The facility did not report a COVID-19 outbreak to CDPH L&C as required, despite multiple residents and a CNA testing positive. Additionally, a resident's family member was observed assisting with care in a contact precautions room without wearing PPE, contrary to facility policy. Staff confirmed the visitor had not previously reported any PPE allergies, and the facility's infection control policy required PPE use for all visitors in such situations.
The facility failed to maintain infection surveillance logs for multiple consecutive months and did not document infection locations or types, despite several residents being in isolation for wound infections and multiple residents testing positive for COVID-19. The ADON/Infection Preventionist confirmed the absence of infection tracking logs and surveillance/maps during a COVID-19 outbreak. The DON reported that staff, residents, and families were notified of the first COVID-19 case through various methods but could not provide documentation of these notifications. The facility lacked a specific COVID-19 policy and relied on a COVID-19 QAPI Plan that required staff education and testing of all residents and staff on specified days, but the DON confirmed that required testing intervals were not followed and there was no documented evidence of staff testing, with only a log emailed to the health department reflecting positive resident cases.
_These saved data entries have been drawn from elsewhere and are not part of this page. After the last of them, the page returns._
lemma online_run_weighted_hadamard_row_norm:
  assumes N: "2^k \<le> N" and run: "online_run N (weighted_hadamard k) r R l"
  shows "\<exists>t\<in>{1..2^k}. sqrt (2^k) * 2^(t - 1) \<le> l2norm (r t) (l t)"
proof -
  let ?n = "2^k :: nat" and ?H = "sylvester_hadamard k"
  define Z where "Z i = (\<Sum>p<r N. (\<Sum>j<?n. R N p j * ?H i j)\<^sup>2)" for i
  have row: "real ?n * 2^i \<le> l2norm (r (Suc i)) (l (Suc i)) * sqrt (Z i)" if "i < ?n" for i
  proof -
    define v where "v j = (if j < ?n then ?H i j else 0)" for j
    have restrict: "{..<N} \<inter> {j. j < ?n} = {..<?n}"
      using N by auto
    have "(\<Sum>j<N. weighted_hadamard k i j * v j) = real ?n * 2^i"
      using that by (simp add: weighted_hadamard_def v_def if_distrib[of "\<lambda>x. x * _"] sum.If_cases restrict
          mult.assoc flip: power2_eq_square cong: if_cong)
    moreover have "(\<Sum>j<N. R N p j * v j) = (\<Sum>j<?n. R N p j * ?H i j)" for p
      by (simp add: v_def if_distrib[of "(*) _"] sum.If_cases restrict cong: if_cong)
    ultimately show ?thesis
      using online_run_inner_le[OF run, of "Suc i" v] that N by (simp add: Z_def)
  qed
  have total: "(\<Sum>i<?n. Z i) \<le> real ?n * real ?n"
    unfolding Z_def using online_run_column_le[OF run, of N] N
    by (intro order_trans[OF sylvester_hadamard_transform_le]) auto
  have "\<exists>i<?n. Z i \<le> real ?n"
  proof (rule ccontr)
    assume "\<not> ?thesis"
    then have "(\<Sum>i<?n. real ?n) < (\<Sum>i<?n. Z i)"
      by (intro sum_strict_mono) (auto simp: not_le lessThan_empty_iff)
    with total show False
      by simp
  qed
  then obtain i where i: "i < ?n" "Z i \<le> real ?n"
    by blast
  have "sqrt ?n * (sqrt ?n * 2^i) = real ?n * 2^i"
    by (simp flip: mult.assoc)
  also have "\<dots> \<le> l2norm (r (Suc i)) (l (Suc i)) * sqrt (Z i)"
    by (rule row[OF i(1)])
  also have "\<dots> \<le> sqrt ?n * l2norm (r (Suc i)) (l (Suc i))"
    using i(2) by (subst mult.commute, intro mult_left_mono) (simp_all add: l2norm_def sum_nonneg)
  finally have "sqrt ?n * 2^i \<le> l2norm (r (Suc i)) (l (Suc i))"
    by (simp add: mult_le_cancel_left_pos)
  then show ?thesis
    using i(1) by (intro bexI[of _ "Suc i"]) auto
qed

lemma online_run_weighted_hadamard_competitive_ratio:
  assumes N: "2^k \<le> N" and run: "online_run N (weighted_hadamard k) r R l"
  shows "\<exists>t\<in>{1..N}. sqrt (1/2 * log 2 (gamma2 N N (weighted_hadamard k))) * gamma2 t N (weighted_hadamard k)
    \<le> Max ((\<lambda>s. l2norm (r s) (l s)) ` {1..t})"
proof -
  obtain t where t: "t \<in> {1..2^k}" "sqrt (2^k) * 2^(t - 1) \<le> l2norm (r t) (l t)"
    using online_run_weighted_hadamard_row_norm[OF N run] by blast
  have "sqrt (1/2 * log 2 (gamma2 N N (weighted_hadamard k))) * gamma2 t N (weighted_hadamard k)
      \<le> sqrt (1/2 * 2^k) * (2^t / sqrt 2)"
  proof (intro mult_mono)
    show "sqrt (1/2 * log 2 (gamma2 N N (weighted_hadamard k))) \<le> sqrt (1/2 * 2^k)"
      using log_gamma2_weighted_hadamard(2)[OF N] by simp
    show "gamma2 t N (weighted_hadamard k) \<le> 2^t / sqrt 2"
      using gamma2_weighted_hadamard_le[of t k N] t(1) by (simp add: min_absorb1)
  qed (simp_all add: gamma2_nonneg)
  also have "sqrt (1/2 * 2^k) * (2^t / sqrt 2) = sqrt (2^k) * 2^(t - 1)"
    using t(1) by (simp add: real_sqrt_mult real_sqrt_divide power_diff)
  also have "\<dots> \<le> Max ((\<lambda>s. l2norm (r s) (l s)) ` {1..t})"
    using t by (intro order_trans[OF t(2)] Max_ge) auto
  finally show ?thesis
    using t(1) N by (intro bexI[of _ t]) auto
qed

lemma exists_weighted_hadamard_witness:
  assumes "0 < N"
  shows "\<exists>Q. inf_norm N (Q 0) = 1 \<and>
    (2 \<le> N \<longrightarrow> 1/4 * real N \<le> log 2 (gamma2 N N Q) \<and> log 2 (gamma2 N N Q) \<le> real N) \<and>
    (\<forall>r R l. online_run N Q r R l \<longrightarrow>
      (\<exists>t\<in>{1..N}. sqrt (1/2 * log 2 (gamma2 N N Q)) * gamma2 t N Q
        \<le> Max ((\<lambda>s. l2norm (r s) (l s)) ` {1..t})))"
proof -
  obtain k where k: "2^k \<le> N" "N < 2^(k + 1)"
    using ex_power_ivl1[of 2 N] assms by auto
  let ?G = "gamma2 N N (weighted_hadamard k)"
  show ?thesis
  proof (intro exI[of _ "weighted_hadamard k"] conjI impI allI)
    show "inf_norm N (weighted_hadamard k 0) = 1"
      using assms by (rule inf_norm_weighted_hadamard_row_0)
    assume "2 \<le> N"
    then have "k \<noteq> 0"
      using k(2) by (intro notI) simp
    then have "2 \<le> (2::real)^k"
      by (simp add: self_le_power)
    have "real N < real (2 * 2^k)"
      using k(2) by (simp only: of_nat_less_iff) simp
    with \<open>2 \<le> (2::real)^k\<close> show "1/4 * real N \<le> log 2 ?G"
      using log_gamma2_weighted_hadamard(1)[OF k(1)] by simp
    have "(2::real)^k \<le> real N"
      using k(1) by simp
    then show "log 2 ?G \<le> real N"
      using log_gamma2_weighted_hadamard(2)[OF k(1)] by linarith
  next
    fix r R l
    assume "online_run N (weighted_hadamard k) r R l"
    with k(1) show "\<exists>t\<in>{1..N}. sqrt (1/2 * log 2 ?G) * gamma2 t N (weighted_hadamard k)
        \<le> Max ((\<lambda>s. l2norm (r s) (l s)) ` {1..t})"
      by (rule online_run_weighted_hadamard_competitive_ratio)
  qed
qed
The facility failed to implement an effective infection prevention and control program during concurrent outbreaks of influenza, RSV, and COVID-19. Several residents with confirmed respiratory infections, including those with severe cognitive impairment and significant comorbidities, had no physician orders for transmission-based precautions and no care plan interventions addressing their infections. Isolation signage was missing from rooms of infected residents, and visitors entered without performing hand hygiene or using PPE. The IP was absent, and the DON and ADON reported they could not access or interpret the EMR infection tracking system, were not systematically tracking infected or non-infected residents’ respiratory symptoms, and had not entered isolation or droplet precaution orders or related care plans for affected residents. Requested outbreak documentation, including line listings, an outbreak management plan, and ongoing symptom tracking, could not be produced, and EMR infection control records showed the outbreak status and contact tracking had not been updated for several days despite multiple residents and staff reporting respiratory symptoms. These failures resulted in an immediate jeopardy finding under F880 for infection control.
During an influenza outbreak, the facility did not identify the outbreak, failed to initiate droplet precautions, and did not post required signage or notify the local health department. Staff and families were not educated about the outbreak, and the Infection Preventionist and clinical leadership did not verify isolation orders or monitor infection-control compliance. Antiviral medications were not administered as prescribed, and Enhanced Barrier Precautions were not followed during high-contact care activities. These failures led to continued exposure and potential transmission of influenza among all residents.
The facility lacked a site-specific Water Management Plan, with missing risk assessments, system diagrams, and monitoring for Legionella, and staff were unfamiliar with the program. Additionally, an LPN failed to use required PPE during a high-contact activity for a resident on Enhanced Barrier Precautions, and staff interviews revealed uncertainty about PPE requirements.